‘Sunil Lanba, Salman Quaraishi, Omar Syed…’ Names play from a crackling gramophone. We hear what they were before the war. Teacher. Engineer. Dancer. And what they endured during it. ‘I put down telephone cables in the mud,’ says one man. ‘Voices in the mud. Half of them already dead, sir.’ Already dead repeats and repeats. A juddering stuck record.
Akram Khan’s forgotten soldier — one of 1.5 million Indian men who fought in the trenches in the first world war — is also stuck. In Xenos, Khan’s last performance, though he will continue his career as a choreographer, a shell-shocked Indian sepoy has returned home in body — the Indian scene is set by percussionist B.C. Manjunath and singer Aditya Prakash — but his mind is still over there. The Somme. Ypres. Passchendaele. The gramophone plays a fragment of the bittersweet soldier’s song ‘The Old Battalion’. ‘If you want the old Battalion/ We know where they are/ We know where they are/ They’re hanging on the old barbed wire.’ A part of his mind, all his hope and optimism, are back in France. Snagged on the wire. ‘This is a man who has seen the horrors of battle,’ Khan has said, ‘and will never be complete again.’ Xenos is part of the 14–18 NOW programme — four years of arts events — marking the war’s centenary.
Khan’s choreography draws on kathak — classical Indian dance, practised by travelling bards and storytellers. In this solo performance, his vigour, quickness and firefly energy evoke the soldier’s irreparable sense of dislocation: wrenched from one continent to another, marched to hell and back, returned alive, but having seen friends and enemies die. He is foreign — xenos: stranger, alien, outsider — three times over. An Indian in the British Army, a scarred soldier among civilians, a man haunted by ghosts. In this intense performance of nightmare thrashings and cold trench-sweats, Khan crafts a body that is trapped in the past. He flails against the limits of his own limbs as if he would shed his skin like his soldier’s uniform. He has come back only half-human. In one distressing passage he crawls on all-fours like an animal.

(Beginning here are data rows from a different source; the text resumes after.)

(* Let $\mathcal{D}$ be a vector lattice of bounded real functions on a nonempty set $X$ with the Stone property, and let $(\mathcal{E},\mathcal{D})$ be a bilinear form on which the unit contraction operates. Then $K(f):=\inf\{\mathcal{E}(f,\varphi):\varphi\in E_f\}$, $f\in\mathcal{D}_0^+$, defines a functional on the cone $\mathcal{D}_0^+$ which is additive, positively homogeneous and takes values in $[0,\infty)$.
   Context: Stone property: $f\in\mathcal{D}\Rightarrow f\wedge1\in\mathcal{D}$. Unit contraction $T_1(x)=\max(x,0)\wedge1$; it operates on $(\mathcal{E},\mathcal{D})$ if $\mathcal{E}(T_1(f))\le\mathcal{E}(f)$ for all $f\in\mathcal{D}$. A bilinear form is a symmetric nonnegative definite bilinear map, $\mathcal{E}(f)=\mathcal{E}(f,f)$. For $f\in\mathcal{D}^+$ (nonnegative elements), $E_f:=\{\varphi\in\mathcal{D}:\mathbf 1_{\{f>0\}}\le\varphi\le\mathbf 1\}$; $\mathcal{D}_0^+:=\{f\in\mathcal{D}^+:E_f\ne\emptyset\}$ and $\mathcal{D}_0$ the linear span of $\mathcal{D}_0^+$. *)

theory Defs
  imports Main "HOL-Library.Indicator_Function"
begin

text \<open>Functions on the nonempty set X are modelled as functions on the (nonempty) type 'a.\<close>

definition vector_lattice_of_bounded_functions :: "('a \<Rightarrow> real) set \<Rightarrow> bool" where
  "vector_lattice_of_bounded_functions D \<longleftrightarrow>
     (\<lambda>x. 0) \<in> D \<and>
     (\<forall>f\<in>D. \<forall>g\<in>D. (\<lambda>x. f x + g x) \<in> D) \<and>
     (\<forall>f\<in>D. \<forall>c::real. (\<lambda>x. c * f x) \<in> D) \<and>
     (\<forall>f\<in>D. \<forall>g\<in>D. (\<lambda>x. max (f x) (g x)) \<in> D) \<and>
     (\<forall>f\<in>D. \<exists>B. \<forall>x. \<bar>f x\<bar> \<le> B)"

definition stone_property :: "('a \<Rightarrow> real) set \<Rightarrow> bool" where
  "stone_property D \<longleftrightarrow> (\<forall>f\<in>D. (\<lambda>x. min (f x) 1) \<in> D)"

definition bilinear_form_on ::
  "('a \<Rightarrow> real) set \<Rightarrow> (('a \<Rightarrow> real) \<Rightarrow> ('a \<Rightarrow> real) \<Rightarrow> real) \<Rightarrow> bool" where
  "bilinear_form_on D E \<longleftrightarrow>
     (\<forall>f\<in>D. \<forall>g\<in>D. E f g = E g f) \<and>
     (\<forall>f\<in>D. \<forall>g\<in>D. \<forall>h\<in>D. E (\<lambda>x. f x + g x) h = E f h + E g h) \<and>
     (\<forall>f\<in>D. \<forall>h\<in>D. \<forall>c::real. E (\<lambda>x. c * f x) h = c * E f h) \<and>
     (\<forall>f\<in>D. E f f \<ge> 0)"

definition unit_contraction :: "real \<Rightarrow> real" where
  "unit_contraction t = min (max t 0) 1"

definition unit_contraction_operates ::
  "('a \<Rightarrow> real) set \<Rightarrow> (('a \<Rightarrow> real) \<Rightarrow> ('a \<Rightarrow> real) \<Rightarrow> real) \<Rightarrow> bool" where
  "unit_contraction_operates D E \<longleftrightarrow>
     (\<forall>f\<in>D. E (\<lambda>x. unit_contraction (f x)) (\<lambda>x. unit_contraction (f x)) \<le> E f f)"

definition Dplus :: "('a \<Rightarrow> real) set \<Rightarrow> ('a \<Rightarrow> real) set" where
  "Dplus D = {f\<in>D. \<forall>x. 0 \<le> f x}"

definition Eset :: "('a \<Rightarrow> real) set \<Rightarrow> ('a \<Rightarrow> real) \<Rightarrow> ('a \<Rightarrow> real) set" where
  "Eset D f = {\<phi>\<in>D. \<forall>x. indicator {y. f y > 0} x \<le> \<phi> x \<and> \<phi> x \<le> 1}"

definition D0plus :: "('a \<Rightarrow> real) set \<Rightarrow> ('a \<Rightarrow> real) set" where
  "D0plus D = {f\<in>Dplus D. Eset D f \<noteq> {}}"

Khan’s wonderfully expressive, palpitating hands suggest a racing heart, rushing blood, nerves strained by fear and uncertainty. Khan has spoken of his own 43-year-old body and of dancing past the point of pain. No dancer can stay strong and supple for ever. He communicates a quiet respect for the soldiers whose bodies were maimed and made less than whole by the war. There are sequences of immense power and pathetic grace, but also longueurs. It could be ten minutes tauter. There is just a smidge of self-indulgence.
The set by designer Mirella Weingarten — give that woman a medal — is starkly stupendous. A steep slope runs the length of the stage, spattered with mud and earth like a slice of a Paul Nash landscape. We are at the bottom of a dugout or a shell crater. We imagine no-man’s-land beyond. The chairs attached to ropes, cluttering the stage in the opening scene, are pulled hopelessly and inexorably over the top. Khan heaves desperately on the cords to keep them back, keep them safe. At one point, he stands on the slope’s ridge exposing himself to enemy gunfire. I had to stifle an instinct to shout: ‘Duck!’ Surely a sniper out in the dark of the backcloth. The lighting by Michael Hulls suggests night-blindness. A cat’s cradle of hanging light bulbs fuse. A match flares. The gramophone turns into a searchlight. Vicenzo Lamagna’s score and sound design is fragmentary. We hear shouts and echoes of war, among them a travesty of a parade-ground drill to a sergeant major’s whistle. The insistent drumming and use of konnakol — a type of vocal percussion associated with South Indian Carnatic music — conjure artillery fire and endless rain on duckboards. The Sadler’s Wells sound system is, as usual, deafening. The stalls should not shake like a mosh pit. You could argue that it’s barrages of war, but it’s just as bad for Cinderella and Pinocchio.
Xenos ends with a spectacular landslide. The slope collapses in scree and rubble. Our soldier loses his footing in shifting earth. His now bare torso is dirty and blackened. He is exhausted and undone, all passion spent.